A questo punto tutta una serie di riflessioni rimbalzano, nel libro di Freccero, dal pensiero postmoderno alla televisione come si è infine strutturata per influenzare quel pensiero e le nostre coscienze: la notizia si consuma rapidamente e non viene approfondita; sono “reali” solamente le notizie di cui parla la tv, e chi ne detiene i meccanismi determina anche le priorità di quello di cui si discute e di quello che “deve” essere percepito come fondamentale; alla verità, al sapere, si sostituiscono l’opinione e il sondaggio, questi determinano il discorso politico, questi rendono l’uomo politico non più portatore di valori “convincenti”, ma succube a sua volta dell’opinione della maggioranza, a cui tutti si adeguano, una volta che è stata “formata” da chi gestisce la “verità” televisiva; si perde la dimensione storica, e chi perde il passato perde anche il futuro, e si finisce col vivere in questo eterno presente privo di senso. Tutto questo non può non incidere sul modello di democrazia, che si svuota dei suoi valori dialettici; tutto questo è stato determinato dalla televisione e da chi ha “saputo” impossessarsene, a dispetto di chi ieri ne ha sottovalutato le potenzialità, e di chi oggi sogna il grande balzo nella rete; ma la rete come tale non esiste: i dibattiti e i modelli della rete sono quelli proposti dall’agenda televisiva.
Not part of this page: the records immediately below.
lemma orthonormal_cinner: "orthonormal U \<Longrightarrow> u \<in> U \<Longrightarrow> v \<in> U \<Longrightarrow> u \<noteq> v \<Longrightarrow> cinner u v = 0"
  by (simp add: orthonormal_def)

lemma onb_cinner: "onb U \<Longrightarrow> u \<in> U \<Longrightarrow> v \<in> U \<Longrightarrow> cinner u v = (if u = v then 1 else 0)"
  by (simp add: onb_def orthonormal_def)

lemma onb_norm:
  assumes "onb U" "u \<in> U"
  shows "norm u = 1"
proof -
  have "(norm u)^2 = 1"
    using onb_cinner[OF assms assms(2)] cinner_self[of u] by (metis of_real_eq_1_iff)
  then show ?thesis
    by (smt (verit) norm_ge_zero power2_eq_1_iff)
qed

lemma orthonormal_insert:
  assumes "orthonormal V" and "norm x = 1" and perp: "\<forall>v\<in>V. cinner v x = 0"
  shows "orthonormal (insert x V)" and "x \<notin> V"
proof -
  have xx: "cinner x x = 1"
    using assms(2) by (simp add: cinner_self)
  then show "x \<notin> V"
    using perp by force
  have "\<forall>v\<in>V. cinner x v = 0"
    using perp by (metis cinner_commute complex_cnj_zero)
  then show "orthonormal (insert x V)"
    using assms(1) perp xx \<open>x \<notin> V\<close> unfolding orthonormal_def by auto
qed

lemma orthonormal_realification_orthogonal:
  assumes o: "orthonormal (U::(complex^'n) set)"
  shows "pairwise orthogonal (U \<union> (\<lambda>u. \<i> *s u) ` U)"
proof -
  have uu: "cinner u u = 1" if "u \<in> U" for u
    using o that by (rule orthonormal_cinner_self)
  have uv: "cinner u v = 0" if "u \<in> U" "v \<in> U" "u \<noteq> v" for u v
    using o that by (rule orthonormal_cinner)
  have "a \<bullet> b = 0" if a: "a \<in> U \<union> (\<lambda>u. \<i> *s u) ` U" and b: "b \<in> U \<union> (\<lambda>u. \<i> *s u) ` U"
    and ab: "a \<noteq> b" for a b
  proof (cases "a \<in> U"; cases "b \<in> U")
    assume "a \<in> U" "b \<in> U"
    then show ?thesis
      using ab uv by (simp add: inner_eq_Re_cinner)
  next
    assume "a \<in> U" "b \<notin> U"
    then obtain v where "v \<in> U" "b = \<i> *s v"
      using b by auto
    then show ?thesis
      using \<open>a \<in> U\<close> uu uv by (cases "a = v") (auto simp: inner_eq_Re_cinner cinner_scale_right)
  next
    assume "a \<notin> U" "b \<in> U"
    then obtain u where "u \<in> U" "a = \<i> *s u"
      using a by auto
    then show ?thesis
      using \<open>b \<in> U\<close> uu uv by (cases "b = u") (auto simp: inner_eq_Re_cinner cinner_scale_left)
  next
    assume "a \<notin> U" "b \<notin> U"
    then obtain u v where "u \<in> U" "a = \<i> *s u" "v \<in> U" "b = \<i> *s v"
      using a b by auto
    then show ?thesis
      using ab uv by (simp add: inner_eq_Re_cinner cinner_scale_left cinner_scale_right)
  qed
  then show ?thesis
    by (simp add: pairwise_def orthogonal_def)
qed
(* Let $\mathbb{K}$ be a positive commutative monoid that has the transportation property. For every hypergraph $H$, $H$ is acyclic if and only if $H$ has the local-to-global consistency property for $\mathbb{K}$-relations.
   Context: A commutative monoid $\mathbb{K}=(K,+,0)$ is positive if $p+q=0$ implies $p=q=0$; monoids have at least two elements. $\mathbb{K}$ has the transportation property if for all positive integers $m,n$ and $b\in K^m$, $c\in K^n$ with $b_1+\dots+b_m=c_1+\dots+c_n$ there is $(d_{ij})\in K^{m\times n}$ with row sums $b_i$ and column sums $c_j$. Attributes have domains (arbitrary sets, chosen as needed); for a finite attribute set $X$, an $X$-tuple assigns each attribute a value in its domain; $t[Y]$ is restriction. A $\mathbb{K}$-relation over $X$ is a finitely supported function $R$ from $X$-tuples to $K$; marginals $R[Y](t)=\sum_{r:R(r)\ne0,r[Y]=t}R(r)$. A hypergraph with hyperedges $X_1,\dots,X_m$ (vertices as attributes) has the local-to-global consistency property for $\mathbb{K}$-relations if every collection $R_1(X_1),\dots,R_m(X_m)$ that is pairwise consistent (for all $i,j$ some $W$ over $X_i\cup X_j$ has $W[X_i]=R_i,W[X_j]=R_j$) is globally consistent (some $W$ over $\bigcup_i X_i$ has $W[X_i]=R_i$ for all $i$). A hypergraph is acyclic (Beeri–Fagin–Maier–Yannakakis) iff it has a join tree: a tree on its hyperedges such that for each vertex the hyperedges containing it form a connected subtree. *)

theory Defs
  imports Main
begin

definition positive_monoid :: "'k::comm_monoid_add itself \<Rightarrow> bool" where
  "positive_monoid _ \<longleftrightarrow> (\<forall>p q :: 'k. p + q = 0 \<longrightarrow> p = 0 \<and> q = 0)"

definition nontrivial_monoid :: "'k::comm_monoid_add itself \<Rightarrow> bool" where
  "nontrivial_monoid _ \<longleftrightarrow> (\<exists>x y :: 'k. x \<noteq> y)"

definition transportation_property :: "'k::comm_monoid_add itself \<Rightarrow> bool" where
  "transportation_property _ \<longleftrightarrow>
     (\<forall>m n. 0 < m \<longrightarrow> 0 < n \<longrightarrow>
        (\<forall>(b :: nat \<Rightarrow> 'k) (c :: nat \<Rightarrow> 'k).
           (\<Sum>i<m. b i) = (\<Sum>j<n. c j) \<longrightarrow>
           (\<exists>d :: nat \<Rightarrow> nat \<Rightarrow> 'k.
              (\<forall>i<m. (\<Sum>j<n. d i j) = b i) \<and> (\<forall>j<n. (\<Sum>i<m. d i j) = c j))))"

text \<open>Attributes have type 'a, all values live in one universe type 'v.
  An X-tuple is a partial map with domain exactly X; restriction is map restriction.\<close>

definition is_krel :: "'a set \<Rightarrow> (('a \<rightharpoonup> 'v) \<Rightarrow> 'k::comm_monoid_add) \<Rightarrow> bool" where
  "is_krel X R \<longleftrightarrow> finite {t. R t \<noteq> 0} \<and> (\<forall>t. R t \<noteq> 0 \<longrightarrow> dom t = X)"

definition marginal :: "(('a \<rightharpoonup> 'v) \<Rightarrow> 'k::comm_monoid_add) \<Rightarrow> 'a set \<Rightarrow> ('a \<rightharpoonup> 'v) \<Rightarrow> 'k" where
  "marginal R Y t = (\<Sum>r\<in>{r. R r \<noteq> 0 \<and> r |` Y = t}. R r)"

definition pairwise_consistent ::
  "'a set set \<Rightarrow> ('a set \<Rightarrow> ('a \<rightharpoonup> 'v) \<Rightarrow> 'k::comm_monoid_add) \<Rightarrow> bool" where
  "pairwise_consistent E R \<longleftrightarrow>
     (\<forall>X\<in>E. \<forall>Y\<in>E. \<exists>W. is_krel (X \<union> Y) W \<and> marginal W X = R X \<and> marginal W Y = R Y)"

definition globally_consistent ::
  "'a set set \<Rightarrow> ('a set \<Rightarrow> ('a \<rightharpoonup> 'v) \<Rightarrow> 'k::comm_monoid_add) \<Rightarrow> bool" where
  "globally_consistent E R \<longleftrightarrow> (\<exists>W. is_krel (\<Union>E) W \<and> (\<forall>X\<in>E. marginal W X = R X))"

definition local_to_global ::
  "'k::comm_monoid_add itself \<Rightarrow> 'v itself \<Rightarrow> 'a set set \<Rightarrow> bool" where
  "local_to_global _ _ E \<longleftrightarrow>
     (\<forall>R :: 'a set \<Rightarrow> ('a \<rightharpoonup> 'v) \<Rightarrow> 'k.
        (\<forall>X\<in>E. is_krel X (R X)) \<longrightarrow> pairwise_consistent E R \<longrightarrow> globally_consistent E R)"

definition hypergraph :: "'a set set \<Rightarrow> bool" where
  "hypergraph E \<longleftrightarrow> finite E \<and> (\<forall>X\<in>E. finite X)"

definition adj :: "'b set set \<Rightarrow> ('b \<times> 'b) set" where
  "adj T = {(x, y). {x, y} \<in> T}"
A proposito della caduta del muro di Berlino: “Ho sempre pensato che la spinta decisiva a scavalcare il muro e poi ad abbatterlo, fosse costituita per i cittadini dell’Est non tanto dal desiderio di libertà, quanto dall’avvento della televisione commerciale. Il muro separava fisicamente e materialmente due modelli di vita. Da un lato il modello comunista in cui erano garantiti i bisogni essenziali, ma non c’era possibilità di accedere al superfluo, dall’altro il liberismo occidentale in cui il minimo non è garantito, ma in cui tutti possono aspirare al massimo dei consumi” (p. 126). Confessiamo di averlo sempre pensato anche noi (da vedere a questo proposito il film Goodbye Lenin). Da qui Freccero prende le mosse per riproporre il senso del servizio pubblico televisivo, ma con coordinate completamente diverse da quelle che hanno caratterizzato la tv pedagogica. Nel cambiamento epocale che attraversiamo, in cui i media sono diversi e più fruibili, in cui i nativi digitali probabilmente stanno sviluppando una capacita di elaborazione mentale completamente diversa, il servizio pubblico deve divertire, con i telefilm seriali che intrecciano più storie e costringono lo spettatore alla concentrazione; educare, in ogni spazio, non con programmi appositi trasmessi in orari impossibili; informare, realmente su quanto avviene nel mondo, non guardandosi il proprio ombelico televisivo. Qui però dobbiamo confessare di non condividere totalmente questa visione ottimistica sulla quale il libro si chiude. Forse siamo più scettici, o semplicemente più “vecchi”, ma ci sembra di vivere in un grande paradosso: in un mondo molto più complesso di quello conosciuto dai nostri padri, ci siamo dotati di strumenti di analisi inadeguati alla complessità, come i pochi caratteri di un tweet: come milioni di cinguettii non fanno una sinfonia, così milioni di tweet non elaborano un pensiero di verità e di libertà!
Carlo Freccero, Televisione, Torino, Bollati Boringhieri, 2013.